* Exercise brief *
Each line from the start of the records through the line containing "Bernoulli distribution (forced" is to be transcribed exactly, and no other line is to be included.

* Provided material *

text \<open>Realised value of B: an arbitrary outcome c, restricted to the support of the
Bernoulli distribution (forced when the probability is 0 or 1).\<close>
definition bsample :: "nat \<Rightarrow> real \<Rightarrow> nat \<Rightarrow> bool \<Rightarrow> bool" where
  "bsample T \<delta> s c = (if bprob T \<delta> s = 1 then True else if bprob T \<delta> s = 0 then False else c)"

definition step :: "nat \<Rightarrow> real \<Rightarrow> bool \<Rightarrow> bool \<Rightarrow> state \<Rightarrow> state" where
  "step T \<delta> c sg st = (let d = dep st; k = idx st in
     case ph st of
       ChkL \<Rightarrow> st\<lparr>ph := ChkR (lo d k = 0 \<or> sg)\<rparr>
     | ChkR pL \<Rightarrow> (if pL \<and> (hi d k = 1 \<or> \<not> sg) then st\<lparr>ph := Mid\<rparr> else to_parent T st)
     | Mid \<Rightarrow> (if sg then enter T (d + 1) (2 * k + 1) st else enter T (d + 1) (2 * k) st)
     | Com1 \<Rightarrow> (if \<not> sg then to_parent T st
                else (let s' = (cnt st)(k := cnt st k + 1)
                      in st\<lparr>cnt := s', ph := Com2 (bsample T \<delta> (s' k) c)\<rparr>))
     | Com2 b \<Rightarrow> (if (b \<and> sg) \<or> (\<not> b \<and> \<not> sg) then to_parent T st else st\<lparr>ph := Com1\<rparr>))"

definition commit_fail :: "state \<Rightarrow> bool \<Rightarrow> bool" where
  "commit_fail st sg = (case ph st of
       Com1 \<Rightarrow> \<not> sg
     | Com2 b \<Rightarrow> (b \<and> sg) \<or> (\<not> b \<and> \<not> sg)
     | _ \<Rightarrow> False)"

definition in_commit :: "state \<Rightarrow> bool" where
  "in_commit st = (case ph st of Com1 \<Rightarrow> True | Com2 _ \<Rightarrow> True | _ \<Rightarrow> False)"

text \<open>Trajectory: sg t is the observation at round t, coin t the random bit at round t.\<close>
primrec traj :: "nat \<Rightarrow> real \<Rightarrow> (nat \<Rightarrow> bool) \<Rightarrow> (nat \<Rightarrow> bool) \<Rightarrow> nat \<Rightarrow> state" where
  "traj T \<delta> sg coin 0 = init_state T"
| "traj T \<delta> sg coin (Suc t) = step T \<delta> (coin t) (sg t) (traj T \<delta> sg coin t)"

definition post :: "nat \<Rightarrow> real \<Rightarrow> (nat \<Rightarrow> bool) \<Rightarrow> (nat \<Rightarrow> bool) \<Rightarrow> nat \<Rightarrow> real" where
  "post T \<delta> sg coin t = price (traj T \<delta> sg coin t)"

text \<open>Number of corrupted rounds: sigma_t differs from y_t = [p_t <= v*].\<close>
definition corruptions :: "nat \<Rightarrow> real \<Rightarrow> real \<Rightarrow> (nat \<Rightarrow> bool) \<Rightarrow> (nat \<Rightarrow> bool) \<Rightarrow> nat" where
  "corruptions T \<delta> v sg coin = card {t. t < T \<and> sg t \<noteq> (post T \<delta> sg coin t \<le> v)}"

definition Qset :: "nat \<Rightarrow> real \<Rightarrow> (nat \<Rightarrow> bool) \<Rightarrow> (nat \<Rightarrow> bool) \<Rightarrow> nat \<Rightarrow> nat set" where
  "Qset T \<delta> sg coin l = {t. t < T \<and> in_commit (traj T \<delta> sg coin t)
                            \<and> dep (traj T \<delta> sg coin t) = depth T \<and> idx (traj T \<delta> sg coin t) = l}"

definition regret_leaf :: "nat \<Rightarrow> real \<Rightarrow> real \<Rightarrow> (nat \<Rightarrow> bool) \<Rightarrow> (nat \<Rightarrow> bool) \<Rightarrow> nat \<Rightarrow> real" where
  "regret_leaf T \<delta> v sg coin l =
     (\<Sum>t\<in>Qset T \<delta> sg coin l.
        v - post T \<delta> sg coin t * (if post T \<delta> sg coin t \<le> v then 1 else 0))"

definition leaves_above :: "nat \<Rightarrow> real \<Rightarrow> nat set" where
  "leaves_above T v = {l. l < 2 ^ depth T \<and> lo (depth T) l > v}"

definition contains_v :: "nat \<Rightarrow> real \<Rightarrow> nat \<Rightarrow> bool" where
  "contains_v T v l = (lo (depth T) l \<le> v \<and> v < hi (depth T) l)"

definition num_fail :: "nat \<Rightarrow> real \<Rightarrow> real \<Rightarrow> (nat \<Rightarrow> bool) \<Rightarrow> (nat \<Rightarrow> bool) \<Rightarrow> nat" where
  "num_fail T \<delta> v sg coin = card {t. t < T \<and> commit_fail (traj T \<delta> sg coin t) (sg t)
                                  \<and> \<not> contains_v T v (idx (traj T \<delta> sg coin t))}"

end

theory Submission
  imports Defs
begin

text \<open>On a leaf above \<open>v\<^sup>*\<close> every commitment round posts a price above \<open>v\<^sup>*\<close>, so it makes
  no sale and costs regret \<open>v\<^sup>* \<le> 1\<close>.  Such a round either makes the subroutine return FAIL,
  or is corrupted, or is a passing query at \<open>R\<close> in the second round of a block; in the last
  case the query at \<open>L\<close> just before it was answered with a sale although \<open>L > v\<^sup>*\<close>, so that
  earlier round is corrupted.  Hence there are at most \<open>N\<^sub>F + 2C\<close> such rounds.\<close>

lemma lo_less_hi: "lo d k < hi d k"
  unfolding lo_def hi_def by (simp add: divide_strict_right_mono)

lemma ph_enter_ne_Com2: "ph (enter T d k st) \<noteq> Com2 b"
  unfolding enter_def by simp

lemma ph_to_parent_ne_Com2: "ph (to_parent T st) \<noteq> Com2 b"
  unfolding to_parent_def by (simp add: ph_enter_ne_Com2)

lemma step_into_Com2:
  assumes "ph (step T \<delta> c s st) = Com2 b"
  shows "ph st = Com1 \<and> s \<and> dep (step T \<delta> c s st) = dep st \<and> idx (step T \<delta> c s st) = idx st"
  using assms
  by (cases "ph st")
     (auto simp: step_def Let_def ph_enter_ne_Com2 ph_to_parent_ne_Com2 split: if_splits)

lemma traj_Com2_predecessor:
  assumes "ph (traj T \<delta> sg coin t) = Com2 b"
  obtains t' where "t = Suc t'" "ph (traj T \<delta> sg coin t') = Com1" "sg t'"
    "dep (traj T \<delta> sg coin t) = dep (traj T \<delta> sg coin t')"
    "idx (traj T \<delta> sg coin t) = idx (traj T \<delta> sg coin t')"
proof (cases t)
  case 0
  with assms show ?thesis by (simp add: init_state_def ph_enter_ne_Com2)
next
  case (Suc t')
  with assms have "ph (step T \<delta> (coin t') (sg t') (traj T \<delta> sg coin t')) = Com2 b"
    by simp
  from step_into_Com2[OF this] Suc show ?thesis by (intro that) auto
qed

lemma price_in_commit_gt:
  assumes "in_commit st" and "v < lo (dep st) (idx st)"
  shows "v < price st"
  using assms less_trans[OF assms(2) lo_less_hi]
  by (auto simp: in_commit_def price_def split: phase.splits)

lemma card_le_Un_image:
  assumes "finite A" "finite B" "S \<subseteq> A \<union> B \<union> f ` B"
  shows "card S \<le> card A + 2 * card B"
proof -
  have "card S \<le> card (A \<union> B \<union> f ` B)"
    using assms by (intro card_mono) auto
  also have "\<dots> \<le> card A + card B + card (f ` B)"
    by (meson card_Un_le add_le_mono order_trans le_refl)
  also have "card (f ` B) \<le> card B"
    by (rule card_image_le[OF assms(2)])
  finally show ?thesis by simp
qed

definition commit_rounds_above :: "nat \<Rightarrow> real \<Rightarrow> real \<Rightarrow> (nat \<Rightarrow> bool) \<Rightarrow> (nat \<Rightarrow> bool) \<Rightarrow> nat set"
  where "commit_rounds_above T \<delta> v sg coin = (\<Union>l\<in>leaves_above T v. Qset T \<delta> sg coin l)"

definition fail_rounds :: "nat \<Rightarrow> real \<Rightarrow> real \<Rightarrow> (nat \<Rightarrow> bool) \<Rightarrow> (nat \<Rightarrow> bool) \<Rightarrow> nat set"
  where "fail_rounds T \<delta> v sg coin = {t. t < T \<and> commit_fail (traj T \<delta> sg coin t) (sg t)
                                          \<and> \<not> contains_v T v (idx (traj T \<delta> sg coin t))}"

definition corrupted_rounds :: "nat \<Rightarrow> real \<Rightarrow> real \<Rightarrow> (nat \<Rightarrow> bool) \<Rightarrow> (nat \<Rightarrow> bool) \<Rightarrow> nat set"
  where "corrupted_rounds T \<delta> v sg coin = {t. t < T \<and> sg t \<noteq> (post T \<delta> sg coin t \<le> v)}"

lemma mem_commit_rounds_above:
  "t \<in> commit_rounds_above T \<delta> v sg coin \<longleftrightarrow>
     t < T \<and> in_commit (traj T \<delta> sg coin t) \<and> dep (traj T \<delta> sg coin t) = depth T
       \<and> idx (traj T \<delta> sg coin t) \<in> leaves_above T v"
  unfolding commit_rounds_above_def Qset_def by auto

lemma post_gt_on_commit_rounds_above:
  assumes "t \<in> commit_rounds_above T \<delta> v sg coin"
  shows "v < post T \<delta> sg coin t"
  using assms unfolding post_def mem_commit_rounds_above leaves_above_def
  by (auto intro: price_in_commit_gt)

lemma regret_leaves_above_eq:
  "(\<Sum>l\<in>leaves_above T v. regret_leaf T \<delta> v sg coin l)
     = v * card (commit_rounds_above T \<delta> v sg coin)"
proof -
  have "(\<Sum>l\<in>leaves_above T v. regret_leaf T \<delta> v sg coin l)
      = (\<Sum>l\<in>leaves_above T v. \<Sum>t\<in>Qset T \<delta> sg coin l. v)"
    unfolding regret_leaf_def
  proof (intro sum.cong refl)
    fix l t assume "l \<in> leaves_above T v" "t \<in> Qset T \<delta> sg coin l"
    then have "t \<in> commit_rounds_above T \<delta> v sg coin"
      by (auto simp: commit_rounds_above_def)
    then have "v < post T \<delta> sg coin t"
      by (rule post_gt_on_commit_rounds_above)
    then show "v - post T \<delta> sg coin t * (if post T \<delta> sg coin t \<le> v then 1 else 0) = v"
      by simp
  qed
  also have "\<dots> = (\<Sum>t\<in>commit_rounds_above T \<delta> v sg coin. v)"
    unfolding commit_rounds_above_def
    by (rule sum.UNION_disjoint[symmetric]) (auto simp: leaves_above_def Qset_def)
  finally show ?thesis by simp
qed

lemma commit_rounds_above_subset:
  "commit_rounds_above T \<delta> v sg coin
     \<subseteq> fail_rounds T \<delta> v sg coin \<union> corrupted_rounds T \<delta> v sg coin
         \<union> Suc ` corrupted_rounds T \<delta> v sg coin"
proof
  fix t
  let ?tr = "traj T \<delta> sg coin"
  assume t: "t \<in> commit_rounds_above T \<delta> v sg coin"
  then have "t < T" and "in_commit (?tr t)"
    by (simp_all add: mem_commit_rounds_above)
  have not_contains: "\<not> contains_v T v (idx (?tr t))"
    using t by (auto simp: mem_commit_rounds_above leaves_above_def contains_v_def)
  have corrupted_if_sale: "t \<in> corrupted_rounds T \<delta> v sg coin" if "sg t"
    using that \<open>t < T\<close> post_gt_on_commit_rounds_above[OF t]
    by (simp add: corrupted_rounds_def)
  have fail_if_commit_fail: "t \<in> fail_rounds T \<delta> v sg coin" if "commit_fail (?tr t) (sg t)"
    using that \<open>t < T\<close> not_contains by (simp add: fail_rounds_def)
  consider "ph (?tr t) = Com1" | b where "ph (?tr t) = Com2 b"
    using \<open>in_commit (?tr t)\<close> by (auto simp: in_commit_def split: phase.splits)
  then show "t \<in> fail_rounds T \<delta> v sg coin \<union> corrupted_rounds T \<delta> v sg coin
               \<union> Suc ` corrupted_rounds T \<delta> v sg coin"
  proof cases
    case 1
    then show ?thesis
      using corrupted_if_sale fail_if_commit_fail by (auto simp: commit_fail_def)
  next
    case (2 b)
    show ?thesis
    proof (cases "b \<and> \<not> sg t")
      case False
      then show ?thesis
        using 2 corrupted_if_sale fail_if_commit_fail by (auto simp: commit_fail_def)
    next
      case True
      \<comment> \<open>a passing query at \<open>R\<close>: blame the query at \<open>L\<close> in the round before\<close>
      obtain t' where t': "t = Suc t'" "ph (?tr t') = Com1" "sg t'"
        "dep (?tr t) = dep (?tr t')" "idx (?tr t) = idx (?tr t')"
        using traj_Com2_predecessor[OF 2] by blast
      then have "t' \<in> commit_rounds_above T \<delta> v sg coin"
        using t by (auto simp: mem_commit_rounds_above in_commit_def)
      from post_gt_on_commit_rounds_above[OF this]
      have "t' \<in> corrupted_rounds T \<delta> v sg coin"
        using \<open>sg t'\<close> \<open>t < T\<close> \<open>t = Suc t'\<close>
        by (simp add: corrupted_rounds_def)
      then show ?thesis using \<open>t = Suc t'\<close> by blast
    qed
  qed
qed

* Solved problem *
text \<open>Realised value of B: an arbitrary outcome c, restricted to the support of the
Bernoulli distribution (forced when the probability is 0 or 1).\<close>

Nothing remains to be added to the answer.